(Saved data entries)
╔══
(* In the Byblos protocol described in the context, if two correct servers both apply to their logs two conflicting, non-cancelled transactions $T_1$ and $T_2$, then they apply them in the same order.
   Context: Byblos protocol. There are $n=4f+1$ servers, at most $f$ Byzantine, the rest correct. Clients are not Byzantine (may crash). Messages between correct parties are eventually delivered, FIFO, authenticated; client messages are signed and unforgeable. Each transaction declares a read set and a write set of keys of a key-value store; two transactions conflict if the write set of one intersects the read or write set of the other. A fixed total order $<$ on transactions (by hash of identifier) is used for tie-breaking. Each correct server keeps: integer $\mathit{clock}$ (initially $0$); sets $\mathit{proposed}[s]$ of pairs $(T,k)$ per server $s$; maps $\mathit{confirmed}[t]$, $\mathit{pending}[t]$ (initially empty); sets $\mathit{committed}$, $\mathit{cancelled}$, $\mathit{resolving}$, $\mathit{ConfirmWitness}[T]$, $\mathit{CancelWitness}[T]$; a $\mathit{log}$; a ledger state; timers $\mathit{timer}[t]$; a timeout constant $\delta$. Client with transaction $T$: broadcasts $\mathrm{Propose}(T)$; waits for $\mathrm{ProposeAck}(T,\cdot)$ from at least $n-f$ servers; sets $\hat t$ to $1$ plus the $(f+1)$-st largest received value (missing values count as $0$); broadcasts $\mathrm{Confirm}(T,\hat t)$; waits for $f+1$ identical $\mathrm{ResolveAck}(T,\mathit{code},\mathit{result})$ and returns $\mathit{result}$ if $\mathit{code}=\mathrm{COMMIT}$, else $\bot$. Correct server: (i) on $\mathrm{Propose}(T)$ from a client, adds $(T,\mathit{clock})$ to $\mathit{proposed}[\mathit{self}]$, sends $\mathrm{Proposed}(T,\mathit{clock})$ to all servers and $\mathrm{ProposeAck}(T,\mathit{clock})$ to the client; (ii) on $\mathrm{Proposed}(T,k)$ from server $s$, adds $(T,k)$ to $\mathit{proposed}[s]$; (iii) on $\mathrm{Confirm}(T,\hat t)$ from a client or server $s$: $\mathit{clock}:=\max(\mathit{clock},\hat t)$, adds $T$ to $\mathit{confirmed}[\hat t]$, forwards the Confirm to all servers once, adds $s$ to $\mathit{ConfirmWitness}[T]$; if $\mathit{pending}[\hat t]=\emptyset$ and $|\mathit{ConfirmWitness}[T]|=n-f$, sets $\mathit{pending}[\hat t]$ to the set of $T'$ with $(T',k)\in\mathit{proposed}[s']$ for some $s'\in\mathit{ConfirmWitness}[T]$, $k\le\hat t$, and sets $\mathit{timer}[\hat t]$ to expire after $\delta$; if $T\notin\mathit{resolving}$, adds it and starts a resolution of $T$ with input COMMIT; (iv) on $\mathrm{StartResolution}(T,\mathit{code})$ from server $s$ with $T\notin\mathit{resolving}$: if COMMIT, adds $T$ to $\mathit{resolving}$ and starts a resolution with input COMMIT; if CANCEL, adds $s$ to $\mathit{CancelWitness}[T]$ and once it has $\ge f+1$ members, adds $T$ to $\mathit{resolving}$ and starts a resolution with input CANCEL; (v) when $\mathit{timer}[t]$ expires, starts a resolution with input CANCEL for each $T'\in\mathit{pending}[t]$ not in $\mathit{resolving}$ (adding it). A resolution of $T$ sends $\mathrm{StartResolution}(T,\mathit{code})$ to all servers and runs a binary Byzantine consensus instance for $T$ (input $1$ for COMMIT, $0$ for CANCEL) satisfying agreement and validity, and terminating in periods of synchrony; decision $1$ adds $T$ to $\mathit{committed}$, decision $0$ to $\mathit{cancelled}$. Apply rule: $\mathrm{OrderBefore}(T,T')$ holds iff $T\in\mathit{confirmed}[t]$ and either $T'\in\mathit{confirmed}[t']$ with $t<t'$, or $T'\in\mathit{confirmed}[t]$ and $T<T'$. The server appends $T$ to its log, applies it to the state, and sends $\mathrm{ResolveAck}(T,\mathrm{COMMIT},\mathit{result})$ to its client when $T\in\mathit{committed}\cap\mathit{confirmed}[t]$, $\mathit{pending}[t]\neq\emptyset$, and every $T'\in\mathit{pending}[t]$ either does not conflict with $T$, is in $\mathit{cancelled}$, is in the log, or satisfies $\mathrm{OrderBefore}(T,T')$. A transaction in $\mathit{cancelled}$ not in the log is appended (without being applied) and $\mathrm{ResolveAck}(T,\mathrm{CANCEL},\bot)$ is sent. *)

theory Defs
  imports Main "HOL-Library.Multiset"
begin

text \<open>Transactions have type 'tx, ordered by a fixed total order (the hash order);
servers have a finite type 's (n = card (UNIV :: 's set)); keys have type 'k.\<close>

definition conflict :: "('tx \<Rightarrow> 'k set) \<Rightarrow> ('tx \<Rightarrow> 'k set) \<Rightarrow> 'tx \<Rightarrow> 'tx \<Rightarrow> bool" where
  "conflict rs ws T T' \<longleftrightarrow> T \<noteq> T' \<and>
     (ws T \<inter> (rs T' \<union> ws T') \<noteq> {} \<or> ws T' \<inter> (rs T \<union> ws T) \<noteq> {})"

datatype code = COMMIT | CANCEL

datatype 'tx msg =
    Propose 'tx
  | ProposeAck 'tx nat
  | Proposed 'tx nat
  | Confirm 'tx nat
  | StartResolution 'tx code

text \<open>Network nodes: servers, and the (non-Byzantine, possibly crashing) client
issuing a given transaction.\<close>
datatype ('s, 'tx) node = Srv 's | Cli 'tx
╚══
• [EXERCISE DESCRIPTION]: Please output the line that contains "Propose 'tx" and every line after it in the entries above, exactly, and nothing more.

• [EXERCISE OUTPUT]:
    Propose 'tx
  | ProposeAck 'tx nat
  | Proposed 'tx nat
  | Confirm 'tx nat
  | StartResolution 'tx code

text \<open>Network nodes: servers, and the (non-Byzantine, possibly crashing) client
issuing a given transaction.\<close>
datatype ('s, 'tx) node = Srv 's | Cli 'tx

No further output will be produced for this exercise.